Well, I gotta have a thousand posts with that title – it happens. It happens a lot, actually. Nowadays, it hasn’t happened as much as it did when I was younger. Well… I used to stay up until 5 AM or something – it was easier to sleep at dawn – it is still easy. But since I started studying engineering, I also started waking up early, around 6 or 7 AM, and staying up until the sun started to shine wasn’t a good idea anymore. Well, I would have to grow up at some point in my life and it started when I was 25 and decided to become an engineer – ok, I decided before that, but that’s when the thing became true.
I sometimes find myself desperate, for I want to get done with and rid of it, I don’t know, yesterday. I keep joking about the time I am gonna be an engineer already – and rich. I am gonna be rich. That’s not why I decided to go to college again, but that’s what I am supposed to do with my life. I mean, that’s what everybody wants – or most people. Wouldn’t it be nice to be able to have whatever you want without having to worry about money and stuff like that? It would. There’s also the part in which you look at the things you have and you know you got it with you own hard work.

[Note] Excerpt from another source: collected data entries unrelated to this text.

(* Let $u\le v$ be positive integers, $n\ge0$, $I\in\mathrm{Hilb}^n(\{x^uy^v=0\},0)$, and $J^k=I\cap(x^ky^k)$. Let $0\le k\le v-2$ and suppose each of $J^k$ and $J^{k+1}$ is of type ① or ② (as defined below), with exponent pairs $(i_k,j_k)$ and $(i_{k+1},j_{k+1})$ respectively. Then (inequalities of pairs are componentwise): (1) if both are of type ①, then either $(i_k,j_k)=(i_{k+1},j_{k+1})$ or $(i_k,j_k)\ge(i_{k+1}+1,j_{k+1}+1)$; (2) if both are of type ②, then $(i_k,j_k)\ge(i_{k+1}+1,j_{k+1}+1)$; (3) if $J^k$ is of type ① and $J^{k+1}$ of type ②, then $(i_k,j_k)\ge(i_{k+1},j_{k+1})$; (4) if $J^k$ is of type ② and $J^{k+1}$ of type ①, then $(i_k,j_k)\ge(i_{k+1}+1,j_{k+1}+1)$.
   Context: $\mathrm{Hilb}^n(\{x^uy^v=0\},0)$ is the set of ideals $I\subset\mathbb{C}[[x,y]]$ with $\dim_{\mathbb{C}}\mathbb{C}[[x,y]]/I=n$, supported at the origin, with $x^uy^v\in I$. For $0\le k\le v-1$: $J^k$ is of type ① with exponent pair $(i,j)$ if there are $a,b\in\mathbb{C}\setminus\{0\}$, integers $i,j\ge1$ and $h\in\mathbb{C}[[x,y]]$ such that $E=x^ky^k(ax^{i}+by^{j})+x^{k+1}y^{k+1}h\in J^k$ and $J^k=J^{k+1}+(E)$; $J^k$ is of type ② with exponent pair $(i,j)$ if there are integers $i,j\ge1$ and $h_1,h_2\in\mathbb{C}[[x,y]]$ such that $E_1=x^ky^kx^{i}+x^{k+1}y^{k+1}h_1$ and $E_2=x^ky^ky^{j}+x^{k+1}y^{k+1}h_2$ lie in $J^k$ and $J^k=J^{k+1}+(E_1,E_2)$, while $J^k$ is not of type ①. *)

theory Defs
  imports Complex_Main
begin

text \<open>Formal power series in two variables x, y over the complex numbers,
  represented by their coefficient functions: f (a,b) is the coefficient of x^a y^b.\<close>

type_synonym ps = "nat \<times> nat \<Rightarrow> complex"

definition ps_add :: "ps \<Rightarrow> ps \<Rightarrow> ps" where
  "ps_add f g = (\<lambda>p. f p + g p)"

Usually I wake up this early, because I went to bed even earlier and I have already slept my eight hours – it’s not what’s happened today. I have absolutely no idea why the hell I am up so soon. And, believe me, my bed is much more comfortable than the chair I am sited on. Since I have nothing to do, I started thinking of my life and my behaviour and the universe and everything else… I am happy – happy people were supposed to sleep well, I think. Ok, I know I don’t have everything in the place I wanted, but who does? And… the pursuit of it shouldn’t make me happy anyway? It does. It really does. So, I am gonna believe I had a little too much caffeine for the day and that’s the reason why I can’t sleep.